• [Task prompt] Up to and including the line with "theory Defs", reproduce the listing below exactly, beginning at its first line.

• [Data extract]
------------------------------------
(* Let $p$ be an odd prime and $m>1$. Let $H$ be a subgroup of $\mathrm{GL}_m(p)$ of order coprime to $p$ which acts transitively on the nonzero vectors of $\mathbb{F}_p^m$, with $|H|\ge p^m-1$ and $|Z(H)|\ge\frac{p^m-1}{p}$. Then $H\cong\mathrm{GL}_1(p^m)$ is cyclic of order $p^m-1$. *)

theory Defs
  imports Complex_Main "HOL-Computational_Algebra.Primes" "HOL-Algebra.Elementary_Groups"
begin

text \<open>Vectors of F_p^m: functions nat => int with entries in {0..p-1} on
  indices below m (residues mod p) and zero elsewhere.\<close>
definition fvecs :: "nat \<Rightarrow> nat \<Rightarrow> (nat \<Rightarrow> int) set" where
  "fvecs m p = {v. (\<forall>i<m. 0 \<le> v i \<and> v i < int p) \<and> (\<forall>i\<ge>m. v i = 0)}"

definition fmats :: "nat \<Rightarrow> nat \<Rightarrow> (nat \<Rightarrow> nat \<Rightarrow> int) set" where
  "fmats m p = {A. (\<forall>i<m. \<forall>j<m. 0 \<le> A i j \<and> A i j < int p)
                  \<and> (\<forall>i j. (i \<ge> m \<or> j \<ge> m) \<longrightarrow> A i j = 0)}"

definition fmat_mult :: "nat \<Rightarrow> nat \<Rightarrow> (nat \<Rightarrow> nat \<Rightarrow> int) \<Rightarrow> (nat \<Rightarrow> nat \<Rightarrow> int) \<Rightarrow> (nat \<Rightarrow> nat \<Rightarrow> int)" where
  "fmat_mult m p A B = (\<lambda>i j. if i < m \<and> j < m then (\<Sum>k<m. A i k * B k j) mod int p else 0)"

definition fmat_one :: "nat \<Rightarrow> nat \<Rightarrow> nat \<Rightarrow> int" where
  "fmat_one m = (\<lambda>i j. if i < m \<and> j < m \<and> i = j then 1 else 0)"

definition fmat_vec :: "nat \<Rightarrow> nat \<Rightarrow> (nat \<Rightarrow> nat \<Rightarrow> int) \<Rightarrow> (nat \<Rightarrow> int) \<Rightarrow> (nat \<Rightarrow> int)" where
  "fmat_vec m p A v = (\<lambda>i. if i < m then (\<Sum>k<m. A i k * v k) mod int p else 0)"

definition GL :: "nat \<Rightarrow> nat \<Rightarrow> (nat \<Rightarrow> nat \<Rightarrow> int) monoid" where
  "GL m p = \<lparr> carrier = {A \<in> fmats m p. \<exists>B \<in> fmats m p.
                 fmat_mult m p A B = fmat_one m \<and> fmat_mult m p B A = fmat_one m},
             mult = fmat_mult m p, one = fmat_one m \<rparr>"

definition group_center :: "('a, 'b) monoid_scheme \<Rightarrow> 'a set" where
  "group_center G = {z \<in> carrier G. \<forall>g \<in> carrier G. z \<otimes>\<^bsub>G\<^esub> g = g \<otimes>\<^bsub>G\<^esub> z}"

end

(*
  Let Z be the centre of H and K the additive closure of Z in the matrix ring, i.e. the
  F_p-algebra spanned by Z. Every element of K commutes with H; since H is transitive on the
  nonzero vectors, a nonzero element of K kills no nonzero vector (Schur). Hence K is a finite
  domain, thus a field, and for the first unit vector e the map a \<mapsto> a e is injective on K.
  If some v lay outside K e, then (a, b) \<mapsto> a e + b v would be injective on K \<times> K, so
  |K|^2 \<le> p^m, contradicting |K| > |Z| \<ge> (p^m - 1)/p. So K e = F_p^m, and as H centralises
  K, every h \<in> H equals the a \<in> K with a e = h e. Therefore H \<subseteq> K - {0}, and
  |H| \<ge> p^m - 1 forces H = K - {0}, the multiplicative group of a finite field, which is cyclic.
*)
theory Submission
  imports Defs "HOL-Algebra.Multiplicative_Group"
begin

section \<open>Matrices and vectors over F_p\<close>

definition fmat_add :: "nat \<Rightarrow> nat \<Rightarrow> (nat \<Rightarrow> nat \<Rightarrow> int) \<Rightarrow> (nat \<Rightarrow> nat \<Rightarrow> int) \<Rightarrow> (nat \<Rightarrow> nat \<Rightarrow> int)" where
  "fmat_add m p A B = (\<lambda>i j. if i < m \<and> j < m then (A i j + B i j) mod int p else 0)"

definition fmat_neg :: "nat \<Rightarrow> nat \<Rightarrow> (nat \<Rightarrow> nat \<Rightarrow> int) \<Rightarrow> (nat \<Rightarrow> nat \<Rightarrow> int)" where
  "fmat_neg m p A = (\<lambda>i j. if i < m \<and> j < m then (- A i j) mod int p else 0)"

definition fmat_smult :: "nat \<Rightarrow> nat \<Rightarrow> nat \<Rightarrow> (nat \<Rightarrow> nat \<Rightarrow> int) \<Rightarrow> (nat \<Rightarrow> nat \<Rightarrow> int)" where
  "fmat_smult m p k A = (\<lambda>i j. if i < m \<and> j < m then (int k * A i j) mod int p else 0)"

definition fvec_add :: "nat \<Rightarrow> nat \<Rightarrow> (nat \<Rightarrow> int) \<Rightarrow> (nat \<Rightarrow> int) \<Rightarrow> (nat \<Rightarrow> int)" where
  "fvec_add m p u w = (\<lambda>i. if i < m then (u i + w i) mod int p else 0)"

definition unit_fvec :: "nat \<Rightarrow> nat \<Rightarrow> int" where
  "unit_fvec j = (\<lambda>i. if i = j then 1 else 0)"

lemma sum_mult_mod_right:
  "(\<Sum>k\<in>K. f k * (g k mod (q::int))) mod q = (\<Sum>k\<in>K. f k * g k) mod q"
proof -
  have "(\<Sum>k\<in>K. f k * (g k mod q)) mod q = (\<Sum>k\<in>K. (f k * (g k mod q)) mod q) mod q"
    by (simp add: mod_sum_eq)
  also have "\<dots> = (\<Sum>k\<in>K. (f k * g k) mod q) mod q"
    by (simp add: mod_mult_right_eq)
  also have "\<dots> = (\<Sum>k\<in>K. f k * g k) mod q"
    by (simp add: mod_sum_eq)
  finally show ?thesis .
qed

lemma sum_mult_mod_left:
  "(\<Sum>k\<in>K. (g k mod (q::int)) * f k) mod q = (\<Sum>k\<in>K. g k * f k) mod q"
  using sum_mult_mod_right[of f g q K] by (simp add: mult.commute)

lemma fmat_vec_mult:
  "fmat_vec m p (fmat_mult m p A B) v = fmat_vec m p A (fmat_vec m p B v)"
proof
  fix i
  show "fmat_vec m p (fmat_mult m p A B) v i = fmat_vec m p A (fmat_vec m p B v) i"
  proof (cases "i < m")
    case True
    have "fmat_vec m p (fmat_mult m p A B) v i
        = (\<Sum>l<m. ((\<Sum>k<m. A i k * B k l) mod int p) * v l) mod int p"
      using True by (simp add: fmat_vec_def fmat_mult_def)
    also have "\<dots> = (\<Sum>l<m. \<Sum>k<m. A i k * B k l * v l) mod int p"
      by (simp add: sum_mult_mod_left sum_distrib_right)
    also have "\<dots> = (\<Sum>k<m. A i k * (\<Sum>l<m. B k l * v l)) mod int p"
      by (subst sum.swap) (simp add: sum_distrib_left mult.assoc)
    also have "\<dots> = (\<Sum>k<m. A i k * ((\<Sum>l<m. B k l * v l) mod int p)) mod int p"
      by (rule sum_mult_mod_right[symmetric])
    also have "\<dots> = fmat_vec m p A (fmat_vec m p B v) i"
      using True by (simp add: fmat_vec_def)
    finally show ?thesis .
  qed (simp add: fmat_vec_def)
qed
------------------------------------
• [Answer to this exercise]
(* Let $p$ be an odd prime and $m>1$. Let $H$ be a subgroup of $\mathrm{GL}_m(p)$ of order coprime to $p$ which acts transitively on the nonzero vectors of $\mathbb{F}_p^m$, with $|H|\ge p^m-1$ and $|Z(H)|\ge\frac{p^m-1}{p}$. Then $H\cong\mathrm{GL}_1(p^m)$ is cyclic of order $p^m-1$. *)

theory Defs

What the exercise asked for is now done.